- _WORK TO COMPLETE_:
Go through the entries below. Copy out every line that contains "times".

Stored data
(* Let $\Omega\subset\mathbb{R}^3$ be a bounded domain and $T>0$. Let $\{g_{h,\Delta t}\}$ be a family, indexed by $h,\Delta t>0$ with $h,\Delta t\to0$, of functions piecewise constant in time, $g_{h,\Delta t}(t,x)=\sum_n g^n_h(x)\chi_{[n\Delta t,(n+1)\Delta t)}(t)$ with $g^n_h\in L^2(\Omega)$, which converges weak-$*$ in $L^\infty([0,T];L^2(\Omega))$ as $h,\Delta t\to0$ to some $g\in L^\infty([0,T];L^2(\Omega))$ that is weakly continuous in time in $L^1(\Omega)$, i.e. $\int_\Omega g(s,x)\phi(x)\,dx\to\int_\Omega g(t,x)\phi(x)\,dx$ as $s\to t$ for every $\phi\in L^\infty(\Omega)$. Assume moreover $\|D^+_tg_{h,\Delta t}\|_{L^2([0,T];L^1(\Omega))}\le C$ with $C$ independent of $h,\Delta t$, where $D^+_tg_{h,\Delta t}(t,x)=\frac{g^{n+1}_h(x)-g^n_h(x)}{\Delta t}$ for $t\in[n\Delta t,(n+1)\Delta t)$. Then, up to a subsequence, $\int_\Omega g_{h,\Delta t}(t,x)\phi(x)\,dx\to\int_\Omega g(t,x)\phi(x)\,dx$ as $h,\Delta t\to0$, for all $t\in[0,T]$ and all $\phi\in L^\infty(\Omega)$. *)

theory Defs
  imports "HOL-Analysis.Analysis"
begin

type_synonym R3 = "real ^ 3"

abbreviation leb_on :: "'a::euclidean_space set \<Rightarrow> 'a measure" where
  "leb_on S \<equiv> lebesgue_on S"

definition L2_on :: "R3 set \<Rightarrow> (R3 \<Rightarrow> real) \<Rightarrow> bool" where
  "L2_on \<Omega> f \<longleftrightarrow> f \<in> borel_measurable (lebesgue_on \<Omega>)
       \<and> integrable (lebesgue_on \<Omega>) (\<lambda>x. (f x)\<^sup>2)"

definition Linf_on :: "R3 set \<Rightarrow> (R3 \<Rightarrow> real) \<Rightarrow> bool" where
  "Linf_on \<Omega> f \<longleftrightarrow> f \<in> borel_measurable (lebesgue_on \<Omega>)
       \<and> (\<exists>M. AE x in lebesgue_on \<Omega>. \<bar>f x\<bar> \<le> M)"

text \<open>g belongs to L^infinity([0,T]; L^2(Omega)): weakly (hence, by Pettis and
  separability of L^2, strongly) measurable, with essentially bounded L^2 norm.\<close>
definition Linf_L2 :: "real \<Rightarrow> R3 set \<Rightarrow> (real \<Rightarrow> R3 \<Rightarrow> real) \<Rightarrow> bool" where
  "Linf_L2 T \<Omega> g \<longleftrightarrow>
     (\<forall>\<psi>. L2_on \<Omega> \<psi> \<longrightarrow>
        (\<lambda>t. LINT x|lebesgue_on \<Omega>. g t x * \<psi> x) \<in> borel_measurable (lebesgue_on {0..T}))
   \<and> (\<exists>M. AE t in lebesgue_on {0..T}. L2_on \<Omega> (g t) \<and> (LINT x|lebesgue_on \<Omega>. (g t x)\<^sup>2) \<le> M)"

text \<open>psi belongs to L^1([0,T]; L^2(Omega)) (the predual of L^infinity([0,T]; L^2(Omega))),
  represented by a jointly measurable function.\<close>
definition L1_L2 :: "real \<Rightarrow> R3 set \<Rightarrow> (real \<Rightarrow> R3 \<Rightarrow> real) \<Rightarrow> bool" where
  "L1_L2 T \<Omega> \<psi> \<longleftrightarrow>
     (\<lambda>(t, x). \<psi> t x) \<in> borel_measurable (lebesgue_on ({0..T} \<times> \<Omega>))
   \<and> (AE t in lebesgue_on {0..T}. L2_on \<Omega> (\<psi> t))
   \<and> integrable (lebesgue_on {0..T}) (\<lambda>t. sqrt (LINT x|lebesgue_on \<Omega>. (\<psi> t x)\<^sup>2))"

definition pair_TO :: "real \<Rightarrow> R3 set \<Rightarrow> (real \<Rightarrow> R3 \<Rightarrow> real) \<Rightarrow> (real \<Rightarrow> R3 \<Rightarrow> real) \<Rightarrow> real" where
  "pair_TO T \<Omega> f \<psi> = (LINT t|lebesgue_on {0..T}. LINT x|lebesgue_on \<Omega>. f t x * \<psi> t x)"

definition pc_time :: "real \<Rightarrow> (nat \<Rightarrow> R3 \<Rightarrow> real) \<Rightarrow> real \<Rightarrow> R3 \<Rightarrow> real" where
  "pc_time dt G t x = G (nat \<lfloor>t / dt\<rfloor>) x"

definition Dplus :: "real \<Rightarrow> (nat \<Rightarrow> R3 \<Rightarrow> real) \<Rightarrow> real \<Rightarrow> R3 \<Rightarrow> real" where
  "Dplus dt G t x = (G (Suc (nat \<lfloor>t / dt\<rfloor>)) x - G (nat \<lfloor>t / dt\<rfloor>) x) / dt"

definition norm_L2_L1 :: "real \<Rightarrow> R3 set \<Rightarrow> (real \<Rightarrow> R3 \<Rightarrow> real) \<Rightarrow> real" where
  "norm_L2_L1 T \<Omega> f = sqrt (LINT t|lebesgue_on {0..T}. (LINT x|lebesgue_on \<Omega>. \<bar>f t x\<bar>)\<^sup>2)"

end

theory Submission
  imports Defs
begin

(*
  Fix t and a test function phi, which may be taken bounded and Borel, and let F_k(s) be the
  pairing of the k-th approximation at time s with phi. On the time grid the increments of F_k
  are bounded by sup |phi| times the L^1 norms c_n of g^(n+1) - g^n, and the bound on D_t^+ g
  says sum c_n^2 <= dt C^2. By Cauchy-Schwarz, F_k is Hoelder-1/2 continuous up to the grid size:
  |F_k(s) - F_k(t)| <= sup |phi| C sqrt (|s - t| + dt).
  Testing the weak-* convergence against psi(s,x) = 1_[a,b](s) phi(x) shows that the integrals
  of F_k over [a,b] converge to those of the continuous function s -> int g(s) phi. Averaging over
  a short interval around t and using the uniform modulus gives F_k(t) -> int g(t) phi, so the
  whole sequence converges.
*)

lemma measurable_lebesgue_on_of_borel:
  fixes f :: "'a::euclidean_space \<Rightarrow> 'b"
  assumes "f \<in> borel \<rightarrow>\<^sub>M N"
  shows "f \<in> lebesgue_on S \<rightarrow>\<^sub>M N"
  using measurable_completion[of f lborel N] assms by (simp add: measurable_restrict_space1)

- _RESPONSE_:
     (\<lambda>(t, x). \<psi> t x) \<in> borel_measurable (lebesgue_on ({0..T} \<times> \<Omega>))
  are bounded by sup |phi| times the L^1 norms c_n of g^(n+1) - g^n, and the bound on D_t^+ g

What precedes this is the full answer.